David will provide an update on our business, including our strategy and growth opportunities, and Tom will review our fourth quarter financial results and first quarter outlook. A reconciliation of GAAP to non-GAAP measures is included in today's earnings press release, which you can find at our investor relation website, along with a replay of this call. Lastly, please note that all growth comparisons are made on a year-over-year basis unless otherwise noted. Looking ahead, our 2026 financial plan focuses on capitalizing on these gains while delivering sustained Adjusted EBITDA profitability.
In 2026, we expect to deliver a third consecutive year of positive year-over-year revenue growth, alongside positive Adjusted EBITDA and free cash flow. While we are not providing full-year GMV guidance, we anticipate a return to year-over-year GMV growth by the fourth quarter, driven by the compounding impact of our product roadmap. In the fourth quarter, GMV was $90.2 million, at the low end of our guidance range. This performance marks a major inflection point, our first quarter of Adjusted EBITDA profitability as a public company.

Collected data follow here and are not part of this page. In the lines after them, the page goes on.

(* $\mathfrak{L}(\mathrm{rtDBVA}(1))\subsetneq\mathfrak{L}(\mathrm{rtDBVA}(2))$.
   Context: $\mathfrak{L}(A)$ denotes the class of languages recognized by machines of type $A$. A real-time deterministic blind vector automaton of dimension $k$ ($\mathrm{rtDBVA}(k)$) is a 6-tuple $(Q,\Sigma,\delta,q_0,Q_a,v)$ with finite state set $Q$, initial state $q_0$, accept states $Q_a$, initial row vector $v\in\mathbb{Q}^k$ (freely chosen), and $\delta:Q\times(\Sigma\cup\{\cent,\$\})\to Q\times S$, $S$ the set of $k\times k$ rational matrices; the input $w$ is read as $\cent w\$$ left to right, one symbol per step, and $\delta(q,\sigma)=(q',M)$ means that in state $q$ reading $\sigma$ the machine goes to $q'$ and multiplies its row vector on the right by $M$. The input is accepted iff after processing $\$$ the state is in $Q_a$ and the first vector entry equals $1$. *)

theory Defs
  imports "Jordan_Normal_Form.Matrix"
begin

datatype 'a tsym = Cent | Dollar | Sym 'a

record 'a rtdbva =
  states :: "nat set"
  init_state :: nat
  acc_states :: "nat set"
  trans :: "nat \<Rightarrow> 'a tsym \<Rightarrow> nat \<times> rat mat"
  init_vec :: "rat vec"

definition wf_rtdbva :: "nat \<Rightarrow> 'a set \<Rightarrow> 'a rtdbva \<Rightarrow> bool" where
  "wf_rtdbva k Alph M \<longleftrightarrow>
     finite (states M) \<and> init_state M \<in> states M \<and> acc_states M \<subseteq> states M \<and>
     init_vec M \<in> carrier_vec k \<and>
     (\<forall>q \<in> states M. \<forall>\<sigma> \<in> Sym ` Alph \<union> {Cent, Dollar}.
        fst (trans M q \<sigma>) \<in> states M \<and> snd (trans M q \<sigma>) \<in> carrier_mat k k)"

definition vec_mat_mult :: "rat vec \<Rightarrow> rat mat \<Rightarrow> rat vec" where
  "vec_mat_mult v A = vec (dim_col A) (\<lambda>j. v \<bullet> col A j)"

fun run :: "'a rtdbva \<Rightarrow> nat \<times> rat vec \<Rightarrow> 'a tsym list \<Rightarrow> nat \<times> rat vec" where
  "run M c [] = c"
| "run M (q, v) (\<sigma> # xs) = run M (fst (trans M q \<sigma>), vec_mat_mult v (snd (trans M q \<sigma>))) xs"

definition accepts :: "'a rtdbva \<Rightarrow> 'a list \<Rightarrow> bool" where
  "accepts M w \<longleftrightarrow>
     (let c = run M (init_state M, init_vec M) ([Cent] @ map Sym w @ [Dollar])
      in fst c \<in> acc_states M \<and> snd c $ 0 = 1)"

definition lang :: "'a set \<Rightarrow> 'a rtdbva \<Rightarrow> 'a list set" where
  "lang Alph M = {w \<in> lists Alph. accepts M w}"

definition rtDBVA_langs :: "nat \<Rightarrow> 'a set \<Rightarrow> 'a list set set" where
  "rtDBVA_langs k Alph = {L. \<exists>M. wf_rtdbva k Alph M \<and> L = lang Alph M}"

end

theory Submission
  imports Defs
begin

text \<open>Padding the vector and the matrices with zeros embeds dimension \<open>k\<close> into any larger
  dimension without changing the first entry, which gives the inclusion. For strictness: in
  dimension one the vector is a single rational that every step multiplies by a factor depending
  only on the state and the symbol, so a configuration is determined by its state once some
  continuation drives its entry to \<open>1\<close>. Two prefixes \<open>0\<^sup>n\<close>, \<open>0\<^sup>m\<close> with \<open>n \<noteq> m\<close> lead to the same state,
  and both \<open>0\<^sup>n2\<close> and \<open>0\<^sup>m2\<close> are accepted, so the two configurations coincide and \<open>0\<^sup>n1\<^sup>n\<close>, \<open>0\<^sup>m1\<^sup>n\<close>
  cannot be separated. In dimension two the vector \<open>(x, 1)\<close> carries a counter that affine matrices
  increment, decrement and reset, and accepting when it ends at \<open>1\<close> separates exactly these words.\<close>

lemma run_append: "run M c (xs @ ys) = run M (run M c xs) ys"
  by (induction M c xs rule: run.induct) auto

lemma dim_vec_mat_mult [simp]: "dim_vec (vec_mat_mult v A) = dim_col A"
  by (simp add: vec_mat_mult_def)

lemma run_in_configs:
  assumes "wf_rtdbva k Alph M" "q \<in> states M" "dim_vec v = k"
    "set xs \<subseteq> Sym ` Alph \<union> {Cent, Dollar}"
  shows "fst (run M (q, v) xs) \<in> states M \<and> dim_vec (snd (run M (q, v) xs)) = k"
  using assms(2-4)
proof (induction xs arbitrary: q v)
  case (Cons s xs)
  then have "fst (trans M q s) \<in> states M" "snd (trans M q s) \<in> carrier_mat k k"
    using assms(1) unfolding wf_rtdbva_def by auto
  with Cons show ?case by simp
qed simp

lemma run_init_in_configs:
  assumes "wf_rtdbva k Alph M" "set xs \<subseteq> Sym ` Alph \<union> {Cent, Dollar}"
  shows "fst (run M (init_state M, init_vec M) xs) \<in> states M \<and>
    dim_vec (snd (run M (init_state M, init_vec M) xs)) = k"
  using assms by (intro run_in_configs) (auto simp: wf_rtdbva_def)

definition pad_vec :: "nat \<Rightarrow> rat vec \<Rightarrow> rat vec" where
  "pad_vec n v = vec n (\<lambda>i. if i < dim_vec v then v $ i else 0)"

definition pad_mat :: "nat \<Rightarrow> rat mat \<Rightarrow> rat mat" where
  "pad_mat n A = mat n n (\<lambda>(i, j). if i < dim_row A \<and> j < dim_col A then A $$ (i, j) else 0)"

lemma vec_mat_mult_pad:
  assumes "dim_vec v = k" "A \<in> carrier_mat k k" "k \<le> n"
  shows "vec_mat_mult (pad_vec n v) (pad_mat n A) = pad_vec n (vec_mat_mult v A)"
proof (rule eq_vecI)
  fix j assume "j < dim_vec (pad_vec n (vec_mat_mult v A))"
  then have j: "j < n" by (simp add: pad_vec_def)
  have "vec_mat_mult (pad_vec n v) (pad_mat n A) $ j =
      (\<Sum>i<n. (if i < k then v $ i else 0) * (if i < k \<and> j < k then A $$ (i, j) else 0))"
    using assms j by (simp add: vec_mat_mult_def scalar_prod_def pad_vec_def pad_mat_def
        atLeast0LessThan)
  also have "\<dots> = (\<Sum>i<k. (if i < k then v $ i else 0) * (if i < k \<and> j < k then A $$ (i, j) else 0))"
    using assms(3) by (intro sum.mono_neutral_right) auto
  also have "\<dots> = pad_vec n (vec_mat_mult v A) $ j"
    using assms j by (simp add: vec_mat_mult_def scalar_prod_def pad_vec_def atLeast0LessThan)
  finally show "vec_mat_mult (pad_vec n v) (pad_mat n A) $ j = pad_vec n (vec_mat_mult v A) $ j" .
qed (simp add: pad_vec_def pad_mat_def)

definition pad_rtdbva :: "nat \<Rightarrow> 'a rtdbva \<Rightarrow> 'a rtdbva" where
  "pad_rtdbva n M = M\<lparr>trans := (\<lambda>q s. (fst (trans M q s), pad_mat n (snd (trans M q s)))),
     init_vec := pad_vec n (init_vec M)\<rparr>"

lemma pad_rtdbva_simps [simp]:
  "states (pad_rtdbva n M) = states M"
  "init_state (pad_rtdbva n M) = init_state M"
  "acc_states (pad_rtdbva n M) = acc_states M"
  "trans (pad_rtdbva n M) q s = (fst (trans M q s), pad_mat n (snd (trans M q s)))"
  "init_vec (pad_rtdbva n M) = pad_vec n (init_vec M)"
  by (simp_all add: pad_rtdbva_def)

lemma wf_pad_rtdbva:
  assumes "wf_rtdbva k Alph M"
  shows "wf_rtdbva n Alph (pad_rtdbva n M)"
  using assms unfolding wf_rtdbva_def by (simp add: pad_vec_def pad_mat_def)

In the second half of 2025, we made a conscious trade-off to moderate near-term GMV growth in exchange for a significantly improved Adjusted EBITDA profile. This shift in the positive Adjusted EBITDA is definitive proof that we do what we say. In our initial 2025 outlook, we targeted generating leverage at mid-single-digit revenue growth. By leaning into AI-assisted development, which now accounts for approximately 30% of our new code, we delivered our ninth consecutive quarter of conversion growth.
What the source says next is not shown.